[Start of section]

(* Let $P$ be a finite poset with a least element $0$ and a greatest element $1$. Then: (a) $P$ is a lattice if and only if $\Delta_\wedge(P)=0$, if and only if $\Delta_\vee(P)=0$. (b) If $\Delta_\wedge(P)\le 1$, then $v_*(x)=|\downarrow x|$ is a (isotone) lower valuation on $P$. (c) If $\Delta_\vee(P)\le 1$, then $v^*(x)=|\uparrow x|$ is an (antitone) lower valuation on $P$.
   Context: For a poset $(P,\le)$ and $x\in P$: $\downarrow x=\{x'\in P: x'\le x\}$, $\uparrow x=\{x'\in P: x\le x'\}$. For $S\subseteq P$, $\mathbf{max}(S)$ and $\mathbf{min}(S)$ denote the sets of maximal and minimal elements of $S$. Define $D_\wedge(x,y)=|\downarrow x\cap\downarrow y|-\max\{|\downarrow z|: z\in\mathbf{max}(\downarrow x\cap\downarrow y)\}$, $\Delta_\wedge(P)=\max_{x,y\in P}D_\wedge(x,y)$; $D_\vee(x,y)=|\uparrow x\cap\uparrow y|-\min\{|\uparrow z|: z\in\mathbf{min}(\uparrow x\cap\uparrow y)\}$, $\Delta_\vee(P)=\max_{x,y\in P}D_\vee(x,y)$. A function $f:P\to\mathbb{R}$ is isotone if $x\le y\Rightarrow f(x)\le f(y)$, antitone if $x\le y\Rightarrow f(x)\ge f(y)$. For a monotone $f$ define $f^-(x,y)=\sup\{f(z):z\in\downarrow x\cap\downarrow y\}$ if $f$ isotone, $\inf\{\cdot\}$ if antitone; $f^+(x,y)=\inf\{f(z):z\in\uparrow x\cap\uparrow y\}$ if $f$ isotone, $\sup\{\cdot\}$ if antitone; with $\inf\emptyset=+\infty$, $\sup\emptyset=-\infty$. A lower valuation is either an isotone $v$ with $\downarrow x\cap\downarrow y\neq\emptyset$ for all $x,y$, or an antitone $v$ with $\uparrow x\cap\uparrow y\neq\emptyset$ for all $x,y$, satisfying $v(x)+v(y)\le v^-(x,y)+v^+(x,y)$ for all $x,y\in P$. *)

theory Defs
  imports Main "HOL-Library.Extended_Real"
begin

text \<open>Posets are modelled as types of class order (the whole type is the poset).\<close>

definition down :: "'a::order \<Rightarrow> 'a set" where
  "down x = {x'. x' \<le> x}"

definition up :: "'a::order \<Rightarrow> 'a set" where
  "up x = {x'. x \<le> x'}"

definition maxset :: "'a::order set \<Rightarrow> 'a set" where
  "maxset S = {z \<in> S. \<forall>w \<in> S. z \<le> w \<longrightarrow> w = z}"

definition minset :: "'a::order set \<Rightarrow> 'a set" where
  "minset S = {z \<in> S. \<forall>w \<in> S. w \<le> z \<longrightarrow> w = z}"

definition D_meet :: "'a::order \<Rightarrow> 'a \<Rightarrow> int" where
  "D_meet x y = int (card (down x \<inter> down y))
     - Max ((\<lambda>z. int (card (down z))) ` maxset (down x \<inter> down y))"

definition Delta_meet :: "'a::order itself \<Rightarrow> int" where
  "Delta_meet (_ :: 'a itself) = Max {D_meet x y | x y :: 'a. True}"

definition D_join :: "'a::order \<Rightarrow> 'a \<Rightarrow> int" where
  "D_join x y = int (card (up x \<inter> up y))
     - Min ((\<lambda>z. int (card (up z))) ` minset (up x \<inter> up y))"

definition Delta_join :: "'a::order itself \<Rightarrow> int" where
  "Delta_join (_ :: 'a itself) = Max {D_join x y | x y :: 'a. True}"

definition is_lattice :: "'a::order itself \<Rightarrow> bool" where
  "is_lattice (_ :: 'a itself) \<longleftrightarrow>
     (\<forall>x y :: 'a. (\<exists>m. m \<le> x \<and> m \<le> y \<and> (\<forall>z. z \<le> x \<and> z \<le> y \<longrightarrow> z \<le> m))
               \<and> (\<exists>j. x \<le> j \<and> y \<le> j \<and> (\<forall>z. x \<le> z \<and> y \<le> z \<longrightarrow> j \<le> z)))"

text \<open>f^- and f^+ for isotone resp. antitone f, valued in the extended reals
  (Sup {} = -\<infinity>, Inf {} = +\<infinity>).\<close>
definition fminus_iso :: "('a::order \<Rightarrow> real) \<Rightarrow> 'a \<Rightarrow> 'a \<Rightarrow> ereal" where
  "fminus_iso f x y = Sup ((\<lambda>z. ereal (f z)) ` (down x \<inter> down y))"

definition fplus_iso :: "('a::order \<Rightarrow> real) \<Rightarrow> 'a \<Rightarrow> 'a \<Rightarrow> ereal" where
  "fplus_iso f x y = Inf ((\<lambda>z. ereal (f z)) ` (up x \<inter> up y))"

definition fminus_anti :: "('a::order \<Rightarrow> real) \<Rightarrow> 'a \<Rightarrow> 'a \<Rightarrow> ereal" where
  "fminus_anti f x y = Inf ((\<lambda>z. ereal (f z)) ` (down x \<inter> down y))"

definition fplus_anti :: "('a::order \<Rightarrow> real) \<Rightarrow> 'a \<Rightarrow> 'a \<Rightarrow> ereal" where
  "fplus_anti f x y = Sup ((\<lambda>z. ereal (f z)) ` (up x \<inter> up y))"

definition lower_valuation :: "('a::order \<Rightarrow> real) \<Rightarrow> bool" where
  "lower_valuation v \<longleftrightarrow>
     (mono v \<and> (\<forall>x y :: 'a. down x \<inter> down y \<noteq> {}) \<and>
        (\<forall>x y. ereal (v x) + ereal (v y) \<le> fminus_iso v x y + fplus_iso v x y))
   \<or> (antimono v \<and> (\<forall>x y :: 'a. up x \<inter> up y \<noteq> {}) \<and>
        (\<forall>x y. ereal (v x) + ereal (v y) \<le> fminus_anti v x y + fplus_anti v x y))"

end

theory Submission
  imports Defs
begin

[End of section]
[Start of section]

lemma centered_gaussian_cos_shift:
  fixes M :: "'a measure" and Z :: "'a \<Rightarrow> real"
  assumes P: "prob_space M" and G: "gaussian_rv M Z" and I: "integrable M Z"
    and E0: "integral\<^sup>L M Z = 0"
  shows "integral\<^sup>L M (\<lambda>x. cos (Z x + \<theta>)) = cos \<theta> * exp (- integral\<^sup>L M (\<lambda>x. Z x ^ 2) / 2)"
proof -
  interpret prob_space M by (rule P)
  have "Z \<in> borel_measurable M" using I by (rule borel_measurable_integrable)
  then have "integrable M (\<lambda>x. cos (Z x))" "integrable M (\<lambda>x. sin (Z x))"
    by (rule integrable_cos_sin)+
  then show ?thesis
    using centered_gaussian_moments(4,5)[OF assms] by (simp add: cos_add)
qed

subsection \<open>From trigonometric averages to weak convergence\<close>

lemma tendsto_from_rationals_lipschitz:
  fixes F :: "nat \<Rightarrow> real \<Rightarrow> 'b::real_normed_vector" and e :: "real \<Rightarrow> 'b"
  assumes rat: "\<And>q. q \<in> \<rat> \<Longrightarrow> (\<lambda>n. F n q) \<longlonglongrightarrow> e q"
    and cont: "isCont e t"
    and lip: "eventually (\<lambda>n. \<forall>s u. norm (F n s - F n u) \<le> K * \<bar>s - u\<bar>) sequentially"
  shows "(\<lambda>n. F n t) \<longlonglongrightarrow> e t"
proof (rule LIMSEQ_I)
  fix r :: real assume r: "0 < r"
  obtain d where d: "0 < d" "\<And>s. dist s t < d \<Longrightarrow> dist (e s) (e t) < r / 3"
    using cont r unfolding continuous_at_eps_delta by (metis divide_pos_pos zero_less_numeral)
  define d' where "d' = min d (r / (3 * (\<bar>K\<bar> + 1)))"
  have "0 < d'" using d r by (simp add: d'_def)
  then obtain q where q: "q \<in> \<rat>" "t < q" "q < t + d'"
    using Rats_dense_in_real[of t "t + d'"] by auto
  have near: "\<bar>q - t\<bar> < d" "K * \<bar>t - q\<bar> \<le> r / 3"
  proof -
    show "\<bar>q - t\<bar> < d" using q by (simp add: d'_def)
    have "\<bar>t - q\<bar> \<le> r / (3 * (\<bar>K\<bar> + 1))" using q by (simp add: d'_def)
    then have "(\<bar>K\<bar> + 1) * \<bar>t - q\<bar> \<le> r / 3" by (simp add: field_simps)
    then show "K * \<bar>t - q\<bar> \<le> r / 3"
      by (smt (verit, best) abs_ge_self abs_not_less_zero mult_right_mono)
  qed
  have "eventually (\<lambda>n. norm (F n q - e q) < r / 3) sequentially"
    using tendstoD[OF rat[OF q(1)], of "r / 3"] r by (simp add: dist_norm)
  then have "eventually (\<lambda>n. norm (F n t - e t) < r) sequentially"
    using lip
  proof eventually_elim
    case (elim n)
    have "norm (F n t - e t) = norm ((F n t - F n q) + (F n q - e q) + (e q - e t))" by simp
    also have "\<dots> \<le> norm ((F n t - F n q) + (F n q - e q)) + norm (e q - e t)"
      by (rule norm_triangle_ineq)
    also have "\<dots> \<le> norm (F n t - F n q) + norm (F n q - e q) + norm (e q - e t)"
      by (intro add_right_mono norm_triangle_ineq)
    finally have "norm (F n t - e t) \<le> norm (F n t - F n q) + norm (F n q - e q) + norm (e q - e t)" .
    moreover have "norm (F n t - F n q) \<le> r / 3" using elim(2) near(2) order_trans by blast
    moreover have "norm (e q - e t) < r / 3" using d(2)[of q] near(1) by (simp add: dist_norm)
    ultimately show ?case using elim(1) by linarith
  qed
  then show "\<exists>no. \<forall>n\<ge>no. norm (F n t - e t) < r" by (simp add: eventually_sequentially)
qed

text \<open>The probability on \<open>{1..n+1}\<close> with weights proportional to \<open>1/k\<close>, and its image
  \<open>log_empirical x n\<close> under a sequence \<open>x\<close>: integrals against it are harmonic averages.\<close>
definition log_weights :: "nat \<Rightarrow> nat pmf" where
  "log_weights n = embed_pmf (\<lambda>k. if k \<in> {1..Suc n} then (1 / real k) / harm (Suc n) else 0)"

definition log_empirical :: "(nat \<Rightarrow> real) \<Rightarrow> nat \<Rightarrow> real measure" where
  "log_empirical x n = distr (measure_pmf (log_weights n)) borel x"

[End of section]
[Start of section]

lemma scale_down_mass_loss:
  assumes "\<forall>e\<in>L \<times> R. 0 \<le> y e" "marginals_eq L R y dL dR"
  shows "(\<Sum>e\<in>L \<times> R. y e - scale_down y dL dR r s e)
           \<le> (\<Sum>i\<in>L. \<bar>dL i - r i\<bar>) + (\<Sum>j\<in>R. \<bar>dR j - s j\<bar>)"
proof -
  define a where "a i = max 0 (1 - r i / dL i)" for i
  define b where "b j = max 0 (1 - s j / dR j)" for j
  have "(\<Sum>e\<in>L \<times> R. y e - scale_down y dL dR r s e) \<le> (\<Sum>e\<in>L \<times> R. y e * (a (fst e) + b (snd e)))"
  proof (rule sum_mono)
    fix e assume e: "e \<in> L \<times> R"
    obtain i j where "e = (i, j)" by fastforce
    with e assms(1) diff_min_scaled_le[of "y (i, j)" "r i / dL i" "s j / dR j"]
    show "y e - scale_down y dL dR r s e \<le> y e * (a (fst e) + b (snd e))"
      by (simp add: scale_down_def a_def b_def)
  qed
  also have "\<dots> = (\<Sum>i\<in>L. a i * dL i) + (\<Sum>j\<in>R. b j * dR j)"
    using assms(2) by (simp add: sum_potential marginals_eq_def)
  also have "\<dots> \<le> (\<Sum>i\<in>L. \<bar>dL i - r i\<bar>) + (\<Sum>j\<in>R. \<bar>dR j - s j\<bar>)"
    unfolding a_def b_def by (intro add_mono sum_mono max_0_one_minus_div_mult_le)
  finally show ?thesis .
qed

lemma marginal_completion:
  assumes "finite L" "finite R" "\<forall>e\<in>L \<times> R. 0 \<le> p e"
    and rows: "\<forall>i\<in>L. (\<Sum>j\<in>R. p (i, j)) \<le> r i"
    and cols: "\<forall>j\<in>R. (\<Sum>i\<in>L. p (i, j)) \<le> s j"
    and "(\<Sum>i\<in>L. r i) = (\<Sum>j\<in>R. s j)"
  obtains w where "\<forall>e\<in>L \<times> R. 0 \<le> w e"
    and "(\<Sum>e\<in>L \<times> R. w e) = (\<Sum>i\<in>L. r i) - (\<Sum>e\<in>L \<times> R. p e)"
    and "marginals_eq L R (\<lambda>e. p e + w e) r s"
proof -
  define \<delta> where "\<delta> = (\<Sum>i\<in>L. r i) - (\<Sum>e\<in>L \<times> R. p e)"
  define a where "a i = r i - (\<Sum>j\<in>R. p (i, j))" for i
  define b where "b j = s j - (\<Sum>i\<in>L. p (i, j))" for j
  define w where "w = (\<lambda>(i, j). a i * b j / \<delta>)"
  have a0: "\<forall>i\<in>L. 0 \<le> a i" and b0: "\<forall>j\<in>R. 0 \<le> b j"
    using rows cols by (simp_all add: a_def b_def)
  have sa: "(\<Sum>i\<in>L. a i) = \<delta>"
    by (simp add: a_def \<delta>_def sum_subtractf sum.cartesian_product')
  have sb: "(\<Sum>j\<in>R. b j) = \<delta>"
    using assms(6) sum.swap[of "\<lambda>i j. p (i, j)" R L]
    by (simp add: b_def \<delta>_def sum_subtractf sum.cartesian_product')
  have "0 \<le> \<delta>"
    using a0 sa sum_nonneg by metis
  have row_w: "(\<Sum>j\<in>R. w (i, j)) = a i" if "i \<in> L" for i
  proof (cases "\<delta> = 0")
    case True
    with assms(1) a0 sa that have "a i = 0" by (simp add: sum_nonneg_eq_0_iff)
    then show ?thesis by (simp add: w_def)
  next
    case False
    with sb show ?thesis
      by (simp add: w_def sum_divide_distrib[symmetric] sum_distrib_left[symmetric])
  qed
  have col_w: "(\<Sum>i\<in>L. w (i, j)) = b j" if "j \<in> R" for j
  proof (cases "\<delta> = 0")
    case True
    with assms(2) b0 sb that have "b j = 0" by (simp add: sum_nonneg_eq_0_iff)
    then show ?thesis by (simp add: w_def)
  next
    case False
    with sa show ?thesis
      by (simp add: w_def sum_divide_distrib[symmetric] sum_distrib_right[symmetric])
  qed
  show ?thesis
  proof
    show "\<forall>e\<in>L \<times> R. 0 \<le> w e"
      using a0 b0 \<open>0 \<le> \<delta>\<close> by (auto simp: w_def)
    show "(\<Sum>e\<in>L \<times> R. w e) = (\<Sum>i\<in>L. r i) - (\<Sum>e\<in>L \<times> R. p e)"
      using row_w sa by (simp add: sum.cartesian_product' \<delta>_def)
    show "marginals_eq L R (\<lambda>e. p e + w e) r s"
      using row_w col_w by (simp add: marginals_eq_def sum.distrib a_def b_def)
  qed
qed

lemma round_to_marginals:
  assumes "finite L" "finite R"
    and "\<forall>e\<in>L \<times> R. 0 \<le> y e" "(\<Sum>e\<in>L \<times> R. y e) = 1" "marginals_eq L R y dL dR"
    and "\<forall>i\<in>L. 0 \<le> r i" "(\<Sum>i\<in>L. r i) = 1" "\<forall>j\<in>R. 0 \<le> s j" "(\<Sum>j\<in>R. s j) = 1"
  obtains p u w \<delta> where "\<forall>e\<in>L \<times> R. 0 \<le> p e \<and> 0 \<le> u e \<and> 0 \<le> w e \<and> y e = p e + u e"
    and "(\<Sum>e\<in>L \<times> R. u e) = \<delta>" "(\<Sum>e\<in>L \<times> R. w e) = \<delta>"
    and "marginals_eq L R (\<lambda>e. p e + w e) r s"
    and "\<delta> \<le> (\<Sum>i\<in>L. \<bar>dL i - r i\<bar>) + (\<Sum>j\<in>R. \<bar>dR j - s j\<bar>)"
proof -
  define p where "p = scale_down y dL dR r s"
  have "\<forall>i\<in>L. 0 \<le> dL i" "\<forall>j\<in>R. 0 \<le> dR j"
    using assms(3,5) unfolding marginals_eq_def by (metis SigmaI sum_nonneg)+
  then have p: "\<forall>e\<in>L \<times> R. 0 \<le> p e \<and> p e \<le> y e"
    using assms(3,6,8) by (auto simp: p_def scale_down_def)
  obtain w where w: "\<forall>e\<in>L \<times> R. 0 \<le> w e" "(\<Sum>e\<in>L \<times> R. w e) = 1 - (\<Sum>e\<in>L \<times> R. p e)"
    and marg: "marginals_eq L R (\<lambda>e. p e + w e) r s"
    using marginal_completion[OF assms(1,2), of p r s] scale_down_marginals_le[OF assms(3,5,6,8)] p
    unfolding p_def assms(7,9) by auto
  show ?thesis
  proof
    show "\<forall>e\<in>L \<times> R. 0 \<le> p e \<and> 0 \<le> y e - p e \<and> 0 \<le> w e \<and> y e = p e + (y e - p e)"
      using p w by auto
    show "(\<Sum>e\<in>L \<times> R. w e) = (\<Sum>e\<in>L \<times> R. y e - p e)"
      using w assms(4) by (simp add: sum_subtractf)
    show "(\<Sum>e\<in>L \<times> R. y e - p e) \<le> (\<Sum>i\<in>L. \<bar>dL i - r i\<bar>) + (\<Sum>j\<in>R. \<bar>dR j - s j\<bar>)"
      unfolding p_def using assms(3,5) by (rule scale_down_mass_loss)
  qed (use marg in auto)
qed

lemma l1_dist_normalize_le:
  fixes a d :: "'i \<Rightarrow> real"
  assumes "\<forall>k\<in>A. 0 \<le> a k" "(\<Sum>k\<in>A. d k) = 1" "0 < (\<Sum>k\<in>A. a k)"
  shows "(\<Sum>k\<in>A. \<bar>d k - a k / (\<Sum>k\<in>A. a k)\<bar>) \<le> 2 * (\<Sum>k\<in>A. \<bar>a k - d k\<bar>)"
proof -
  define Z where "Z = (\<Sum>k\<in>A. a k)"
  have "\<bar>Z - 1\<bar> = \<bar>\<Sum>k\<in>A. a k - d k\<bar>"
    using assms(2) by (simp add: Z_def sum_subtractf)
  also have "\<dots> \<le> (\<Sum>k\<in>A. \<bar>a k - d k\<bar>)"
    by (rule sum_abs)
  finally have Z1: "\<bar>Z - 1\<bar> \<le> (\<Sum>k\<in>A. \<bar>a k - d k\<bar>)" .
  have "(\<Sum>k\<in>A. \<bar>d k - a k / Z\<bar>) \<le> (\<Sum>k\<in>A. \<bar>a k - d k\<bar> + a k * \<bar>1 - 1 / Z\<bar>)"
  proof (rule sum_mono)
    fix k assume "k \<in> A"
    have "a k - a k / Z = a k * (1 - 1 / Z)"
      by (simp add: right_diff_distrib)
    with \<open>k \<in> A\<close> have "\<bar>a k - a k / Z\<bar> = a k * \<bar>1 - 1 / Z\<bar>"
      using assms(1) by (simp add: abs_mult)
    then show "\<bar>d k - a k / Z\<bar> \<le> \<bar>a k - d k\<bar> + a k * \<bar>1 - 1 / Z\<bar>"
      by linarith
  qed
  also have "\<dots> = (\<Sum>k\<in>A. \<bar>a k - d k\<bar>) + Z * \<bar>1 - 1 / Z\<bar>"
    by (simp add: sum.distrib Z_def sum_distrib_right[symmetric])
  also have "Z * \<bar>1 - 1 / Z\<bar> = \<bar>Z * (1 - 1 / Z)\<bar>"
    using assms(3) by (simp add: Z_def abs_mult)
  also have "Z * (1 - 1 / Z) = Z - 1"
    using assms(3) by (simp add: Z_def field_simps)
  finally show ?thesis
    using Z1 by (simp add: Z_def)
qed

[End of section]

_WORK INSTRUCTION:_
From the material above, copy exactly the lines between the line holding "(mono v \<and>" and the line holding "(antimono v \<and>", inclusive, and only those.

_ANSWER TO THE PROBLEM:_
     (mono v \<and> (\<forall>x y :: 'a. down x \<inter> down y \<noteq> {}) \<and>
        (\<forall>x y. ereal (v x) + ereal (v y) \<le> fminus_iso v x y + fplus_iso v x y))
   \<or> (antimono v \<and> (\<forall>x y :: 'a. up x \<inter> up y \<noteq> {}) \<and>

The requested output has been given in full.